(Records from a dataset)
=== Begin Enclosure ===
text \<open>(w-HE); the conditional expectation at tau is required to be well defined
  (G(tau) > 0), which then also makes it well defined at every tau' > tau.\<close>
definition wHE :: "real measure \<Rightarrow> real \<Rightarrow> real \<Rightarrow> bool" where
  "wHE G phid tau \<longleftrightarrow>
     cdf G tau > 0 \<and>
     tau - phid = cond_exp_below G tau \<and>
     (\<forall>tau'. tau' > tau \<longrightarrow> tau' - phid \<ge> cond_exp_below G tau')"

definition feasible_RE :: "real \<Rightarrow> real \<Rightarrow> real \<Rightarrow> real measure \<Rightarrow> real \<Rightarrow> real \<Rightarrow> real \<Rightarrow> bool" where
  "feasible_RE lo hi mu G phit phid tau \<longleftrightarrow>
     dist_on G lo hi \<and> wP G mu hi phit phid \<and> wHE G phid tau \<and> (LINT s|G. s) = mu"

definition objective_RE :: "real measure \<Rightarrow> real \<Rightarrow> real \<Rightarrow> real \<Rightarrow> real" where
  "objective_RE G phit phid tau = phit + phid * (1 - cdf G tau)"

end

theory Submission
  imports Defs
begin

text \<open>Let I(x) = E_G[max (x - s) 0] be the first lower partial moment of G, so that I' = G and
  I is convex. (w-P) bounds the objective by I(mu + phid) - phid G(tau), while (w-HE) says
  I(tau) = phid G(tau) and I \<ge> phid G beyond tau. Beyond tau, I therefore grows at most like
  exp((x - tau)/phid) (a Gronwall argument), and convexity together with I(hi) = hi - mu
  bounds it from the other side. Combining the two bounds shows that, when lo < mu, every
  feasible point with mu + phid < hi has objective strictly below
  (hi - mu)(1 - exp(-(mu - lo)/(hi - mu))), whereas this value is attained by a feasible point
  with mu + phid = hi: an atom at lo followed by an exponential density on [lo + hi - mu, hi].
  Hence an optimal point has mu + phid \<ge> hi and the claim is vacuous. If mu \<le> lo, then G is the
  point mass at lo.\<close>

lemma two_mult_less_exp_minus_exp_neg:
  fixes u :: real
  assumes "0 < u"
  shows "2 * u < exp u - exp (-u)"
proof -
  let ?f = "\<lambda>x::real. exp x - exp (-x) - 2 * x"
  have "?f 0 < ?f u"
  proof (rule DERIV_pos_imp_increasing_open[OF assms])
    fix x :: real assume "0 < x"
    have "1 + x < exp x" "1 - x \<le> exp (-x)"
      using exp_minus_greater[of "-x"] \<open>0 < x\<close> exp_minus_ge[of x] by auto
    moreover have "DERIV ?f x :> exp x + exp (-x) - 2"
      by (auto intro!: derivative_eq_intros)
    ultimately show "\<exists>y. DERIV ?f x :> y \<and> 0 < y"
      by (intro exI[of _ "exp x + exp (-x) - 2"]) auto
  qed (intro continuous_intros)
  then show ?thesis by simp
qed

lemma square_mult_exp_less:
  fixes t :: real
  assumes "0 < t"
  shows "t\<^sup>2 * exp t < (exp t - 1)\<^sup>2"
proof -
  have "t * exp (t/2) < (exp (t/2) - exp (-(t/2))) * exp (t/2)"
    using two_mult_less_exp_minus_exp_neg[of "t/2"] assms by simp
  also have "\<dots> = exp t - 1"
    by (simp add: algebra_simps flip: exp_add)
  finally have "(t * exp (t/2))\<^sup>2 < (exp t - 1)\<^sup>2"
    using assms by (intro power_strict_mono) auto
  then show ?thesis
    by (simp add: power_mult_distrib flip: exp_of_nat_mult)
qed

lemma inverse_exp_minus_one_minus_inverse_strict_mono:
  fixes s t :: real
  assumes "0 < s" "s < t"
  shows "1 / (exp s - 1) - 1 / s < 1 / (exp t - 1) - 1 / t"
proof -
  let ?f = "\<lambda>x::real. inverse (exp x - 1) - inverse x"
  have "?f s < ?f t"
  proof (rule DERIV_pos_imp_increasing_open[OF assms(2)])
    fix x :: real assume "s < x"
    then have "0 < x" "exp x - 1 \<noteq> 0" using assms by auto
    have "DERIV ?f x :> inverse x ^ 2 - exp x / (exp x - 1)\<^sup>2"
      using \<open>0 < x\<close> \<open>exp x - 1 \<noteq> 0\<close>
      by (auto intro!: derivative_eq_intros simp: power2_eq_square field_simps)
    moreover have "exp x / (exp x - 1)\<^sup>2 < inverse x ^ 2"
      using square_mult_exp_less[OF \<open>0 < x\<close>] \<open>0 < x\<close> \<open>exp x - 1 \<noteq> 0\<close>
      by (simp add: divide_less_eq power_inverse field_simps)
    ultimately show "\<exists>y. DERIV ?f x :> y \<and> 0 < y" by auto
  next
    show "continuous_on {s..t} ?f"
      using assms by (intro continuous_intros) auto
  qed
  then show ?thesis by (simp add: divide_inverse)
qed

lemma exp_div_difference_less:
  fixes k w d :: real
  assumes "0 < w" "0 < d" "d < k"
  shows "w * (exp (w/d) - exp (w/k)) < (k - d) * ((exp (w/k) - 1) * (exp (w/d) - 1))"
proof -
  define F E where "F = exp (w/k)" and "E = exp (w/d)"
  have "w/k < w/d" using assms by (simp add: frac_less2)
  then have "F < E" "1 < F" unfolding F_def E_def using assms by simp_all
  have "1/(F - 1) - 1/(w/k) < 1/(E - 1) - 1/(w/d)"
    unfolding F_def E_def
    using inverse_exp_minus_one_minus_inverse_strict_mono[OF _ \<open>w/k < w/d\<close>] assms by simp
  then have "w * (1/(F - 1) - k/w) < w * (1/(E - 1) - d/w)"
    using \<open>0 < w\<close> by simp
  then have "w/(F - 1) - w/(E - 1) < k - d"
    using \<open>0 < w\<close> by (simp add: right_diff_distrib)
  moreover have "w * (E - F) = (w/(F - 1) - w/(E - 1)) * ((F - 1) * (E - 1))"
  proof -
    have "F - 1 \<noteq> 0" "E - 1 \<noteq> 0" using \<open>1 < F\<close> \<open>F < E\<close> by auto
    then have "w/(F - 1) * ((F - 1) * (E - 1)) = w * (E - 1)"
      and "w/(E - 1) * ((F - 1) * (E - 1)) = w * (F - 1)" by simp_all
    then show ?thesis by (simp add: left_diff_distrib algebra_simps)
  qed
  ultimately have "w * (E - F) < (k - d) * ((F - 1) * (E - 1))"
    using \<open>1 < F\<close> \<open>F < E\<close> by (simp add: mult_strict_right_mono)
  then show ?thesis
    unfolding F_def E_def .
qed

text \<open>In the application, V = I(mu + d) - d G(tau) bounds the objective, P = d G(tau) = I(tau),
  w = mu + d - tau, and k = hi - mu; the two hypotheses are the Gronwall and convexity bounds.\<close>

lemma value_bound_zero_fee:
  fixes k w V P :: real
  assumes "0 < k" "0 < w" "0 \<le> P"
    and convex: "k * V \<le> w * (k - V - P)"
  shows "V * exp (w/k) < k * (exp (w/k) - 1)"
proof -
  define F where "F = exp (w/k)"
  have "1 + w/k < F"
    unfolding F_def using exp_minus_greater[of "-(w/k)"] assms by simp
  then have gap: "w < (F - 1) * k" using \<open>0 < k\<close> by (simp add: field_simps)
  have "V * (k + w) \<le> w * k"
    using convex mult_left_mono[OF \<open>0 \<le> P\<close>, of w] \<open>0 < w\<close> by (simp add: algebra_simps)
  then have "V * F * (k + w) \<le> w * k * F"
    using mult_right_mono[of "V * (k + w)" "w * k" F] unfolding F_def by (simp add: algebra_simps)
  also have "\<dots> < k * (F - 1) * (k + w)"
  proof -
    have "k * (F - 1) * (k + w) - w * k * F = k * ((F - 1) * k - w)"
      by (simp add: algebra_simps)
    moreover have "0 < k * ((F - 1) * k - w)" using gap \<open>0 < k\<close> by simp
    ultimately show ?thesis by linarith
  qed
  finally show ?thesis
    unfolding F_def using assms by (simp add: mult_less_cancel_right)
qed

text \<open>This bound degenerates to equality as d tends to k; its strictness comes from
  exp_div_difference_less, that is, from the strict monotonicity of 1/(exp t - 1) - 1/t.\<close>

lemma value_bound_pos_fee:
  fixes k w d V P :: real
  assumes "0 < k" "0 < w" "0 < d" "d < k"
    and growth: "V \<le> P * (exp (w/d) - 1)"
    and convex: "(k - d) * V \<le> w * (k - V - P)"
  shows "V * exp (w/k) < k * (exp (w/k) - 1)"
proof -
  define F E where "F = exp (w/k)" and "E = exp (w/d)"
  have gap: "w * (E - F) < (k - d) * ((F - 1) * (E - 1))"
    unfolding F_def E_def using exp_div_difference_less assms by blast
  have "1 < F" "F < E" unfolding F_def E_def using assms by (simp_all add: frac_less2)
  define D where "D = w + (E - 1) * (w + k - d)"
  have "0 < D" unfolding D_def using assms \<open>1 < F\<close> \<open>F < E\<close> by (intro add_pos_nonneg) auto
  have "V * w \<le> P * w * (E - 1)"
    using growth \<open>0 < w\<close> unfolding E_def by (simp add: mult.commute mult_left_mono)
  also have "\<dots> \<le> (w * k - w * V - (k - d) * V) * (E - 1)"
    using convex \<open>1 < F\<close> \<open>F < E\<close> by (intro mult_right_mono) (auto simp: algebra_simps)
  finally have "V * D \<le> (E - 1) * w * k"
    unfolding D_def by (simp add: algebra_simps)
  then have "V * F * D \<le> (E - 1) * w * k * F"
    using \<open>1 < F\<close> by (simp add: mult.commute mult.left_commute mult_left_mono)
  also have "\<dots> < k * (F - 1) * D"
  proof -
    have "k * (F - 1) * D - (E - 1) * w * k * F = k * ((k - d) * ((F - 1) * (E - 1)) - w * (E - F))"
      unfolding D_def by (simp add: algebra_simps)
    moreover have "0 < k * ((k - d) * ((F - 1) * (E - 1)) - w * (E - F))"
      using gap \<open>0 < k\<close> by simp
    ultimately show ?thesis by linarith
  qed
  finally show ?thesis
    unfolding F_def using \<open>0 < D\<close> by (simp add: mult_less_cancel_right)
qed

lemma value_bound:
  fixes k w M d V P :: real
  assumes "0 < k" "0 < w" "w \<le> M" "0 \<le> d" "d < k" "0 \<le> P"
    and growth: "0 < d \<Longrightarrow> V \<le> P * (exp (w/d) - 1)"
    and convex: "(k - d) * V \<le> w * (k - V - P)"
  shows "V < k * (1 - exp (- M/k))"
proof -
  have "V * exp (w/k) < k * (exp (w/k) - 1)"
    using value_bound_zero_fee[of k w P V] value_bound_pos_fee[of k w d V P] assms
    by (cases "d = 0") auto
  then have "V < k * (1 - exp (- w/k))"
    by (simp add: field_simps exp_minus)
  also have "\<dots> \<le> k * (1 - exp (- M/k))"
    using assms by (simp add: divide_right_mono)
  finally show ?thesis .
qed

lemma gronwall_iterate_bound:
  fixes f :: "real \<Rightarrow> real"
  assumes "0 < d" "0 < h" "h \<le> d"
    and slope: "\<And>x y. tau \<le> x \<Longrightarrow> x < y \<Longrightarrow> d * (f y - f x) \<le> (y - x) * f y"
  shows "f (tau + real j * h) * (1 - h/d) ^ j \<le> f tau"
proof (induction j)
  case 0
  then show ?case by simp
next
  case (Suc j)
  let ?x = "tau + real j * h"
  have "d * (f (?x + h) - f ?x) \<le> h * f (?x + h)"
    using slope[of ?x "?x + h"] assms by simp
  then have step: "f (?x + h) * (1 - h/d) \<le> f ?x"
    using \<open>0 < d\<close> by (simp add: field_simps)
  have "f (tau + real (Suc j) * h) * (1 - h/d) ^ Suc j = f (?x + h) * (1 - h/d) * (1 - h/d) ^ j"
    by (simp add: algebra_simps)
  also have "\<dots> \<le> f ?x * (1 - h/d) ^ j"
    using step assms by (intro mult_right_mono) auto
  also have "\<dots> \<le> f tau"
    by (rule Suc.IH)
  finally show ?case .
qed

lemma gronwall_exp_bound:
  fixes f :: "real \<Rightarrow> real"
  assumes "0 < d" "tau \<le> a"
    and slope: "\<And>x y. tau \<le> x \<Longrightarrow> x < y \<Longrightarrow> d * (f y - f x) \<le> (y - x) * f y"
  shows "f a \<le> f tau * exp ((a - tau) / d)"
proof (cases "a = tau")
  case False
  define t where "t = (a - tau) / d"
  have "0 < t" unfolding t_def using assms False by simp
  obtain N :: nat where "t < real N" using reals_Archimedean2 by blast
  have "f a * (1 + (-t) / real n) ^ n \<le> f tau" if "N \<le> n" for n
  proof -
    have "t < real n" "0 < real n" using \<open>t < real N\<close> \<open>0 < t\<close> that by linarith+
    then have "a - tau < real n * d" using \<open>0 < d\<close> unfolding t_def by (simp add: divide_less_eq)
    define h where "h = (a - tau) / real n"
    have "0 < h" "h \<le> d" "tau + real n * h = a" "1 - h/d = 1 + (-t) / real n"
      using \<open>a - tau < real n * d\<close> \<open>0 < real n\<close> \<open>0 < t\<close> assms unfolding h_def t_def
      by (auto simp: field_simps)
    then show ?thesis
      using gronwall_iterate_bound[where tau = tau and j = n, OF \<open>0 < d\<close> \<open>0 < h\<close> \<open>h \<le> d\<close>] slope
      by simp
  qed
  moreover have "(\<lambda>n. f a * (1 + (-t) / real n) ^ n) \<longlonglongrightarrow> f a * exp (-t)"
    by (intro tendsto_intros tendsto_exp_limit_sequentially)
  ultimately have "f a * exp (-t) \<le> f tau"
    using LIMSEQ_le_const2 by blast
  then have "f a * exp (-t) * exp t \<le> f tau * exp t"
    by (intro mult_right_mono) auto
  then show ?thesis
    unfolding t_def by (simp add: mult.assoc flip: exp_add)
qed simp

definition lower_partial_moment :: "real measure \<Rightarrow> real \<Rightarrow> real" where
  "lower_partial_moment G x = (LINT s:{..x}|G. x - s)"

locale interval_distribution = prob_space G for G :: "real measure" +
  fixes lo hi :: real
  assumes sets_eq_borel [measurable_cong]: "sets G = sets borel"
    and measure_interval: "measure G {lo..hi} = 1"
=== End Enclosure ===
**Task details:** Each line from the one containing "by (intro tendsto_intros" through the final line of the records must be repeated exactly, with no line added or dropped.

**Output below:**
    by (intro tendsto_intros tendsto_exp_limit_sequentially)
  ultimately have "f a * exp (-t) \<le> f tau"
    using LIMSEQ_le_const2 by blast
  then have "f a * exp (-t) * exp t \<le> f tau * exp t"
    by (intro mult_right_mono) auto
  then show ?thesis
    unfolding t_def by (simp add: mult.assoc flip: exp_add)
qed simp

definition lower_partial_moment :: "real measure \<Rightarrow> real \<Rightarrow> real" where
  "lower_partial_moment G x = (LINT s:{..x}|G. x - s)"

locale interval_distribution = prob_space G for G :: "real measure" +
  fixes lo hi :: real
  assumes sets_eq_borel [measurable_cong]: "sets G = sets borel"
    and measure_interval: "measure G {lo..hi} = 1"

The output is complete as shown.